As I jump in to the car and start to pull out of the driveway, I notice that our next door neighbor, over a hundred yards away, is walking out her front door. She is a small elderly woman, perhaps 85 years old. Directly behind her are three of our four children smiling ear to ear and carrying baskets of Chinese vegetables. They are walking out of the house, talking animatedly about SOUP as the woman just smiles and nods. She has absolutely no understanding of what they are saying, nor they of what she is saying.
They're all just chattering in the language of neighborly happiness.
I'm extremely relieved to see (three of our four) children, but also aghast that they went in to a stranger's house without us. For a long moment, I'm conflicted with how to respond. Yes, this is I'm sure, a wonderfully sweet neighbor. But what about all the books we've read?
And the stories we've told about children who have just vanished?
Have they heeded absolutely NO warning?
The kids come running up to me with chocolate ... chocolate? ... on their faces as Charlie goes in to the neighbor's house to retrieve Henry who was trying to climb under the master bed to pet their cat.

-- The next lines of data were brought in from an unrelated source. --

lemma sum_card_boundary_multiplicity_level_sets_le:
  assumes "finite X" and "finite S" and "finite F"
    and bij: "\<And>f. f \<in> F \<Longrightarrow> bij_betw (act f) X X"
    and act_mul: "\<And>s f x. s \<in> S \<Longrightarrow> f \<in> F \<Longrightarrow> x \<in> X \<Longrightarrow> act (mul s f) x = act s (act f x)"
    and inj_mul: "\<And>s. s \<in> S \<Longrightarrow> inj_on (mul s) F"
    and adj: "\<And>y z. y \<in> X \<Longrightarrow> z \<in> X \<Longrightarrow> adj y z \<Longrightarrow> \<exists>s\<in>S. z = act s y"
    and "W \<subseteq> X"
  shows "(\<Sum>x\<in>X. \<Sum>t\<in>{1..card F}. card (vertex_boundary adj W {y\<in>W. t \<le> multiplicity act F x y}))
           \<le> card W * (\<Sum>s\<in>S. card {f\<in>F. mul s f \<notin> F})"
proof -
  have "finite W"
    using \<open>W \<subseteq> X\<close> \<open>finite X\<close> finite_subset by blast
  have "(\<Sum>x\<in>X. \<Sum>t\<in>{1..card F}. card (vertex_boundary adj W {y\<in>W. t \<le> multiplicity act F x y}))
      \<le> (\<Sum>x\<in>X. \<Sum>y\<in>W. \<Sum>s\<in>S. multiplicity act F x y - multiplicity act F x (act s y))"
  proof (intro sum_mono sum_card_boundary_level_sets_le[OF \<open>finite W\<close> \<open>finite S\<close>])
    fix y z assume "y \<in> W" and "z \<in> W" and "adj y z"
    then show "\<exists>s\<in>S. z = act s y"
      using adj \<open>W \<subseteq> X\<close> by blast
  qed
  also have "\<dots> \<le> (\<Sum>x\<in>X. \<Sum>y\<in>W. \<Sum>s\<in>S. card {f\<in>F. act f x = y \<and> mul s f \<notin> F})"
  proof (intro sum_mono)
    fix x y s assume "x \<in> X" and "s \<in> S"
    then show "multiplicity act F x y - multiplicity act F x (act s y)
        \<le> card {f\<in>F. act f x = y \<and> mul s f \<notin> F}"
      using act_mul[OF \<open>s \<in> S\<close> _ \<open>x \<in> X\<close>]
      by (intro multiplicity_diff_le[where act = act and mul = mul, OF \<open>finite F\<close> inj_mul[OF \<open>s \<in> S\<close>]])
  qed
  also have "\<dots> = (\<Sum>y\<in>W. \<Sum>s\<in>S. \<Sum>x\<in>X. card {f\<in>F. act f x = y \<and> mul s f \<notin> F})"
    by (subst sum.swap) (intro sum.cong refl sum.swap)
  also have "\<dots> = (\<Sum>y\<in>W. \<Sum>s\<in>S. card {f\<in>F. mul s f \<notin> F})"
  proof (intro sum.cong refl)
    fix y assume "y \<in> W"
    then show "(\<Sum>x\<in>X. card {f\<in>F. act f x = y \<and> mul s f \<notin> F}) = card {f\<in>F. mul s f \<notin> F}" for s
      using \<open>W \<subseteq> X\<close> by (intro sum_card_fibres[where act = act, OF \<open>finite X\<close> \<open>finite F\<close> bij]) auto
  qed
  finally show ?thesis
    by simp
qed
lemma Den_lI:
  fixes R (structure)
  assumes "T \<subseteq> carrier R" and "\<one> \<in> T" and "\<zero> \<notin> T"
    and "\<And>s t. s \<in> T \<Longrightarrow> t \<in> T \<Longrightarrow> s \<otimes> t \<in> T"
    and "\<And>r s. r \<in> carrier R \<Longrightarrow> s \<in> T \<Longrightarrow> \<exists>s'\<in>T. \<exists>r'\<in>carrier R. s' \<otimes> r = r' \<otimes> s"
    and "\<And>r s. r \<in> carrier R \<Longrightarrow> s \<in> T \<Longrightarrow> r \<otimes> s = \<zero> \<Longrightarrow> \<exists>t\<in>T. t \<otimes> r = \<zero>"
  shows "T \<in> Den_l R"
  using assms unfolding Den_l_def left_den_def left_ore_def mult_closed_def by blast

lemma (in ring) zero_not_Units:
  assumes "\<one> \<noteq> \<zero>"
  shows "\<zero> \<notin> Units R"
  using assms Units_r_inv Units_inv_closed l_null by metis

lemma (in ring) ass_subset_Units:
  assumes "T \<subseteq> Units R" and "\<one> \<in> T"
  shows "ass R T = {\<zero>}"
proof -
  have "r = \<zero>" if "r \<in> carrier R" "s \<in> T" "s \<otimes> r = \<zero>" for r s
  proof -
    have "s \<in> Units R" using that assms(1) by blast
    with that show "r = \<zero>" using Units_l_cancel[of s r \<zero>] by (simp add: Units_closed)
  qed
  then show ?thesis
    using assms(2) unfolding ass_def by force
qed
(* Assume the setting described in the context. For every $d\in\mathbb{N}$, $\varepsilon\in(0,1)$ let $F^d_\varepsilon\colon\mathbb{R}^d\to\mathbb{R}^{d\times d}$ and $G^d\colon\mathbb{R}^d\to\mathbb{R}^d$ be measurable with $\gamma^d_\varepsilon(y,z)=F^d_\varepsilon(y)G^d(z)$ for all $y,z\in\mathbb{R}^d$. For every $d\in\mathbb{N}$, $\varepsilon\in(0,1)$, $v\in\mathbb{R}^d$ let $\Phi_{\beta^d_\varepsilon},\Phi_{\sigma^d_\varepsilon,v},\Phi_{F^d_\varepsilon,v}\in\mathbf{N}$ satisfy $\beta^d_\varepsilon=\mathcal{R}(\Phi_{\beta^d_\varepsilon})$, $\sigma^d_\varepsilon(\cdot)v=\mathcal{R}(\Phi_{\sigma^d_\varepsilon,v})$, $F^d_\varepsilon(\cdot)v=\mathcal{R}(\Phi_{F^d_\varepsilon,v})$, and assume $\mathcal{D}(\Phi_{\sigma^d_\varepsilon,v})=\mathcal{D}(\Phi_{\sigma^d_\varepsilon,0})$ and $\mathcal{D}(\Phi_{F^d_\varepsilon,v})=\mathcal{D}(\Phi_{F^d_\varepsilon,0})$ for all $d,\varepsilon,v$. Let $K\in\mathbb{N}$ and $\omega\in\Omega$. Then there exists $(\mathcal{X}^{d,\theta,K,\varepsilon,t}_s)_{d\in\mathbb{N},\theta\in\Theta,\varepsilon\in(0,1),t\in[0,T),s\in(t,T]}\subseteq\mathbf{N}$ such that: (i) for all $d,\theta,\varepsilon$, $t\in[0,T)$, $s\in(t,T]$, $x\in\mathbb{R}^d$: $\mathcal{R}(\mathcal{X}^{d,\theta,K,\varepsilon,t}_s)\in C(\mathbb{R}^d,\mathbb{R}^d)$ and $(\mathcal{R}(\mathcal{X}^{d,\theta,K,\varepsilon,t}_s))(x)=X^{d,\theta,K,\varepsilon,t,x}_s(\omega)$; (ii) for all $d\in\mathbb{N}$, $\theta_1,\theta_2\in\Theta$, $\varepsilon\in(0,1)$, $t_1,t_2\in[0,T)$, $s_1\in(t_1,T]$, $s_2\in(t_2,T]$: $\mathcal{D}(\mathcal{X}^{d,\theta_1,K,\varepsilon,t_1}_{s_1})=\mathcal{D}(\mathcal{X}^{d,\theta_2,K,\varepsilon,t_2}_{s_2})$; (iii) for all $d,\theta,\varepsilon,t\in[0,T),s\in(t,T]$: $\dim(\mathcal{D}(\mathcal{X}^{d,\theta,K,\varepsilon,t}_s))=K\big(\max\{\dim(\mathcal{D}(\Phi_{\beta^d_\varepsilon})),\dim(\mathcal{D}(\Phi_{\sigma^d_\varepsilon,0})),\dim(\mathcal{D}(\Phi_{F^d_\varepsilon,0}))\}-1\big)+1$; (iv) for all $d,\theta,\varepsilon,t\in[0,T),s\in(t,T]$: $|||\mathcal{D}(\mathcal{X}^{d,\theta,K,\varepsilon,t}_s)|||\le2d+|||\mathcal{D}(\Phi_{\beta^d_\varepsilon})|||+|||\mathcal{D}(\Phi_{\sigma^d_\varepsilon,0})|||+|||\mathcal{D}(\Phi_{F^d_\varepsilon,0})|||$.
   Context: Setting. $T\in(0,\infty)$, $c\in[2,\infty)$, $f\in C(\mathbb{R},\mathbb{R})$. For each $d\in\mathbb{N}$: $\beta^d\in C(\mathbb{R}^d,\mathbb{R}^d)$, $\sigma^d\in C(\mathbb{R}^d,\mathbb{R}^{d\times d})$, $\gamma^d\in C(\mathbb{R}^{2d},\mathbb{R}^d)$, $g^d\in C(\mathbb{R}^d,\mathbb{R})$, $\nu^d$ a Lévy measure on $\mathcal{B}(\mathbb{R}^d\setminus\{0\})$, satisfying: (A1) there is $C_d$ with $\|\gamma^d(x,z)\|^2\le C_d(1\wedge\|z\|^2)$, $\|\gamma^d(x,z)-\gamma^d(y,z)\|^2\le C_d\|x-y\|^2(1\wedge\|z\|^2)$; (A2) $D_x\gamma^d(x,z)$ exists and for some $\lambda_d>0$, $\lambda_d\le|\det(I_d+\delta D_x\gamma^d(x,z))|$ for all $x,z$, $\delta\in[0,1]$; (A3) $\|\beta^d(x)-\beta^d(y)\|^2+\|\sigma^d(x)-\sigma^d(y)\|_F^2+\int\|\gamma^d(x,z)-\gamma^d(y,z)\|^2\nu^d(dz)\le c\|x-y\|^2$, $|f(w_1)-f(w_2)|^2\le c|w_1-w_2|^2$, $|g^d(x)-g^d(y)|^2\le cd^cT^{-1}\|x-y\|^2$, $\|\beta^d(0)\|^2+\|\sigma^d(0)\|_F^2+\int\|\gamma^d(0,z)\|^2\nu^d(dz)+T^3(|f(0)|+1)^2+T|g^d(0)|^2\le cd^c$ (integrals over $\mathbb{R}^d\setminus\{0\}$). For $d\in\mathbb{N}$, $\varepsilon\in(0,1)$: $\beta^d_\varepsilon\in C(\mathbb{R}^d,\mathbb{R}^d)$, $\sigma^d_\varepsilon\in C(\mathbb{R}^d,\mathbb{R}^{d\times d})$, $\gamma^d_\varepsilon\in C(\mathbb{R}^{2d},\mathbb{R}^d)$, $g^d_\varepsilon\in C(\mathbb{R}^d,\mathbb{R})$ satisfying: (B1) the analogue of (A1) with a constant $C_{d,\varepsilon}$; (B2) $\|\beta^d_\varepsilon(x)-\beta^d_\varepsilon(y)\|^2+\|\sigma^d_\varepsilon(x)-\sigma^d_\varepsilon(y)\|_F^2+\int\|\gamma^d_\varepsilon(x,z)-\gamma^d_\varepsilon(y,z)\|^2\nu^d(dz)\le c\|x-y\|^2$, $|g^d_\varepsilon(x)-g^d_\varepsilon(y)|^2\le cd^cT^{-1}\|x-y\|^2$, $\|\beta^d_\varepsilon(0)\|^2+\|\sigma^d_\varepsilon(0)\|_F^2+\int\|\gamma^d_\varepsilon(0,z)\|^2\nu^d(dz)+T|g^d_\varepsilon(0)|^2\le cd^c$, and $\|\beta^d_\varepsilon(x)-\beta^d(x)\|^2+\|\sigma^d_\varepsilon(x)-\sigma^d(x)\|_F^2+\int\|\gamma^d_\varepsilon(x,z)-\gamma^d(x,z)\|^2\nu^d(dz)+|g^d_\varepsilon(x)-g^d(x)|^2\le\varepsilon cd^c(d^c+\|x\|^2)$ for all $x,y$. Probability. $(\Omega,\mathcal{F},\mathbb{P},(\mathbb{F}_t)_{t\in[0,T]})$ a filtered probability space with the usual conditions; $\Theta=\bigcup_{n\in\mathbb{N}}\mathbb{Z}^n$; for each $d$, $W^{d,\theta}$ ($\theta\in\Theta$) i.i.d. standard $d$-dim $(\mathbb{F}_t)$-Brownian motions, $N^{d,\theta}$ independent $(\mathbb{F}_t)$-Poisson random measures on $[0,\infty)\times(\mathbb{R}^d\setminus\{0\})$ with compensator $\nu^d(dz)dt$, $\tilde N^{d,\theta}=N^{d,\theta}-\nu^d(dz)dt$; $\mathcal{F}_0$, $(W^{d,\theta})$, $(N^{d,\theta})$ (and i.i.d. uniform variables $(\mathfrak{t}^\theta)$) independent. For $K\in\mathbb{N}$, $\lfloor t\rfloor_K=\max(\{0,\frac TK,\dots,T\}\cap((-\infty,t)\cup\{0\}))$, and $X^{d,\theta,K,\varepsilon,t,x}$ on $[t,T]$ satisfies $X_s=x+\int_t^s\beta^d_\varepsilon(X_{\max\{t,\lfloor u-\rfloor_K\}})du+\int_t^s\sigma^d_\varepsilon(X_{\max\{t,\lfloor u-\rfloor_K\}})dW^{d,\theta}_u+\int_t^s\int_{\mathbb{R}^d\setminus\{0\}}\gamma^d_\varepsilon(X_{\max\{t,\lfloor u-\rfloor_K\}},z)\tilde N^{d,\theta}(dz,du)$. Networks. $\mathbf{A}_k$ componentwise ReLU; $\mathbf{N}=\bigcup_{H\in\mathbb{N}}\bigcup_{(k_0,\dots,k_{H+1})\in\mathbb{N}^{H+2}}\prod_{m=1}^{H+1}(\mathbb{R}^{k_m\times k_{m-1}}\times\mathbb{R}^{k_m})$; for $\Phi=((W_1,B_1),\dots,(W_{H+1},B_{H+1}))$: $\mathcal{D}(\Phi)=(k_0,\dots,k_{H+1})$, $\mathcal{R}(\Phi)\in C(\mathbb{R}^{k_0},\mathbb{R}^{k_{H+1}})$, $(\mathcal{R}(\Phi))(x_0)=W_{H+1}x_H+B_{H+1}$ with $x_m=\mathbf{A}_{k_m}(W_mx_{m-1}+B_m)$. For a vector $x=(x_1,\dots,x_k)$: $\dim(x)=k$, $|||x|||=\max_i|x_i|$. $\|\cdot\|$ Euclidean, $\|\cdot\|_F$ Frobenius norm. *)

theory Defs
  imports "HOL-Analysis.Analysis"
begin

The children are excitedly telling me how they had a piano that they PLAYED and there were all kinds of small glass STATUES and other FRAGILE things that they TOUCHED and suddenly, they catch sight of my expression and they can see that I'm troubled and oh oh.
They immediately start pointing fingers at each other.

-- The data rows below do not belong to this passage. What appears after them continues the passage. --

definition graph_iso :: "'a set \<Rightarrow> 'a set set \<Rightarrow> 'b set \<Rightarrow> 'b set set \<Rightarrow> bool" where
  "graph_iso V1 E1 V2 E2 \<longleftrightarrow> (\<exists>f. bij_betw f V1 V2 \<and>
     (\<forall>x\<in>V1. \<forall>y\<in>V1. {x, y} \<in> E1 \<longleftrightarrow> {f x, f y} \<in> E2))"

end

theory Submission
  imports Defs
begin

text \<open>With a single class, any two edges at
  \<open>v\<close> are \<open>\<delta>\<^sup>*\<close>-related, so \<open>F\<^sub>v\<close> is empty and \<open>S\<^sub>v\<close> is the star itself.
  With two classes \<open>\<phi>1\<close>, \<open>\<phi>2\<close>, edges \<open>vu \<in> \<phi>1\<close> and \<open>vw \<in> \<phi>2\<close> are not \<open>\<delta>\<close>-related, so by the
  definition of \<open>\<delta>\<close> they span exactly one square \<open>v, u, x, w\<close>, and it is chordless.
  The map \<open>(v, v) \<mapsto> v\<close>, \<open>(u, v) \<mapsto> u\<close>, \<open>(v, w) \<mapsto> w\<close>, \<open>(u, w) \<mapsto> x\<close> is then an isomorphism
  from the product of the two stars onto \<open>S\<^sub>v\<close>: the product edges at the axes go to the
  edges at \<open>v\<close>, the others to the edges \<open>ux\<close> and \<open>xw\<close> making up \<open>F\<^sub>v\<close>.\<close>

lemma equiv_dv_star: "equiv E (dv_star E v)"
proof -
  let ?F = "{R. equiv E R \<and> dv E v \<subseteq> R}"
  have "dv E v \<subseteq> E \<times> E" by (auto simp: dv_def delta_def)
  then have "E \<times> E \<in> ?F" by (auto simp: equiv_def refl_on_def sym_def trans_def)
  then have "\<Inter> ?F \<subseteq> E \<times> E" by blast
  moreover have "refl_on E (\<Inter> ?F)" by (auto simp: equiv_def refl_on_def)
  moreover have "sym (\<Inter> ?F)" by (auto simp: equiv_def sym_def)
  moreover have "trans (\<Inter> ?F)" by (auto simp: equiv_def intro!: transI dest: transD)
  ultimately show ?thesis unfolding dv_star_def by (intro equivI)
qed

Accusatory glances were shooting in circles, and ultimately landed on Henry who doesn't have the verbal skills to adequately defend himself. Our three six-year-olds concluded that it was their little brother who noticed the cat outside and then followed it in to our non-English speaking neighbor's house and the only reason they followed is because they had to save him.
Of course!
When I asked why they didn't come straight home, they all explained, "Mom, they had CHOCOLATE DONUTS." And best yet, as they were concluding their rescue mission, they took a detour through the garden where they each picked several Sheau Hwang Gua.
Thank goodness our neighbor doesn't speak English because I imagine she'd be offended if she understood our children were gleefully referring to her vegetables as ugly, ugly, UGLY.
U-G-L-Y ... you ain't got no alibi you ugly!
I've decided that although I clearly need to continue impressing upon our children how it is NOT okay for them to ever go with someone without our knowledge, to reciprocate our neighbor's hospitality to my small crew, we're going to bring her another apple crisp.
But this time, we'll also bring her a carton of Hรคagen-Dazs and two dozen Munchkins.